Task prompt: Out of the material that follows, write out exactly the lines from the line with "using tp_pairs_covered[OF facts(2-4), of" to the line with "using a(2) b(2)", both ends included, and no others.
BEGIN Stored data
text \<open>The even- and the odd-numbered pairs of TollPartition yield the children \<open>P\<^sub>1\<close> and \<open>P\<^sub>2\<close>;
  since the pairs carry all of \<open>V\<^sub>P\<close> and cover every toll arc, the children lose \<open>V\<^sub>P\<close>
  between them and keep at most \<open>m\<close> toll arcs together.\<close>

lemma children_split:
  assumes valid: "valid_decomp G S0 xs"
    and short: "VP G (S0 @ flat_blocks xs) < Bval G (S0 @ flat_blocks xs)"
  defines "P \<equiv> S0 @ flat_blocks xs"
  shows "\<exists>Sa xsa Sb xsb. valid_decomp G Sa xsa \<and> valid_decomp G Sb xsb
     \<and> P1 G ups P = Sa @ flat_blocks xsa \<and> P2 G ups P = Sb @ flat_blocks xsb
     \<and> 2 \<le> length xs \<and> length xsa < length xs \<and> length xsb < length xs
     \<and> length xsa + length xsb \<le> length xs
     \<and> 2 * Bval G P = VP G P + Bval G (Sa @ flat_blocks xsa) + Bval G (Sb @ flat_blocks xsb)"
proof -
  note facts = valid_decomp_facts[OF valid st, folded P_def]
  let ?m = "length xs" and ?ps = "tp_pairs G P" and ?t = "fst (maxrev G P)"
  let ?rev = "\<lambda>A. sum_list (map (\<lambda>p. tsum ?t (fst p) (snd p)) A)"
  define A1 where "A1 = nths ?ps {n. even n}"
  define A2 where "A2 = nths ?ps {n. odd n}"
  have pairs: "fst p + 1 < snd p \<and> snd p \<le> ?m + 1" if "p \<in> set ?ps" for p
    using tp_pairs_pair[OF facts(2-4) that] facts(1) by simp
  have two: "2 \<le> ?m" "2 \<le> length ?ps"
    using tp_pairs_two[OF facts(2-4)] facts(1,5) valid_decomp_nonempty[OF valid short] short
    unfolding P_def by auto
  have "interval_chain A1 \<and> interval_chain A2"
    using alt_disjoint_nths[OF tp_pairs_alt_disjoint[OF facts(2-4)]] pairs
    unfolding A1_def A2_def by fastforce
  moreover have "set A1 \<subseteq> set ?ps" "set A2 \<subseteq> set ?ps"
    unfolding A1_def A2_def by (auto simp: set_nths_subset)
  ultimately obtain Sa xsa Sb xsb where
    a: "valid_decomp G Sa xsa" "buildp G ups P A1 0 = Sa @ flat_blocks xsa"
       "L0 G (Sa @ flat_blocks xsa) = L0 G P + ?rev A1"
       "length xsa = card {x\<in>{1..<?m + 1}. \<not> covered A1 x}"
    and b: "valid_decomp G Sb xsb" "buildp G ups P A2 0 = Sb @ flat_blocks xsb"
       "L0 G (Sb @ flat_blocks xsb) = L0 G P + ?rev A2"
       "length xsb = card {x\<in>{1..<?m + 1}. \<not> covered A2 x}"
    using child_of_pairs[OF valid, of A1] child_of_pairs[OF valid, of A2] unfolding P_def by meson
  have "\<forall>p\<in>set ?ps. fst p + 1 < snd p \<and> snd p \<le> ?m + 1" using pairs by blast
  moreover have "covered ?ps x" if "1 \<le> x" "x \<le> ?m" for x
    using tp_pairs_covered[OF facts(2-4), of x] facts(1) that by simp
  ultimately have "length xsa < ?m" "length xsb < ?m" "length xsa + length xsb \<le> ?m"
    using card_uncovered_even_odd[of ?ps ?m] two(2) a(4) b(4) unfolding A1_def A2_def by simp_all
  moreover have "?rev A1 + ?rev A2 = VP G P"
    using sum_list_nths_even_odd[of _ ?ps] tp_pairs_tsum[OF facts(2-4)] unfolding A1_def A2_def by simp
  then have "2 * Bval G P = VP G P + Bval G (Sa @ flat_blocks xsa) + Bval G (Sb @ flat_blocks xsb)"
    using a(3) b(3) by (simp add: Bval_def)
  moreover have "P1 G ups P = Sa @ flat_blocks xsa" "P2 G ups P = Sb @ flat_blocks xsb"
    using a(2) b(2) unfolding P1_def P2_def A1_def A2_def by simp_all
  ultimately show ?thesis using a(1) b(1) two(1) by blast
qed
END Stored data
Result below:
    using tp_pairs_covered[OF facts(2-4), of x] facts(1) that by simp
  ultimately have "length xsa < ?m" "length xsb < ?m" "length xsa + length xsb \<le> ?m"
    using card_uncovered_even_odd[of ?ps ?m] two(2) a(4) b(4) unfolding A1_def A2_def by simp_all
  moreover have "?rev A1 + ?rev A2 = VP G P"
    using sum_list_nths_even_odd[of _ ?ps] tp_pairs_tsum[OF facts(2-4)] unfolding A1_def A2_def by simp
  then have "2 * Bval G P = VP G P + Bval G (Sa @ flat_blocks xsa) + Bval G (Sb @ flat_blocks xsb)"
    using a(3) b(3) by (simp add: Bval_def)
  moreover have "P1 G ups P = Sa @ flat_blocks xsa" "P2 G ups P = Sb @ flat_blocks xsb"
    using a(2) b(2) unfolding P1_def P2_def A1_def A2_def by simp_all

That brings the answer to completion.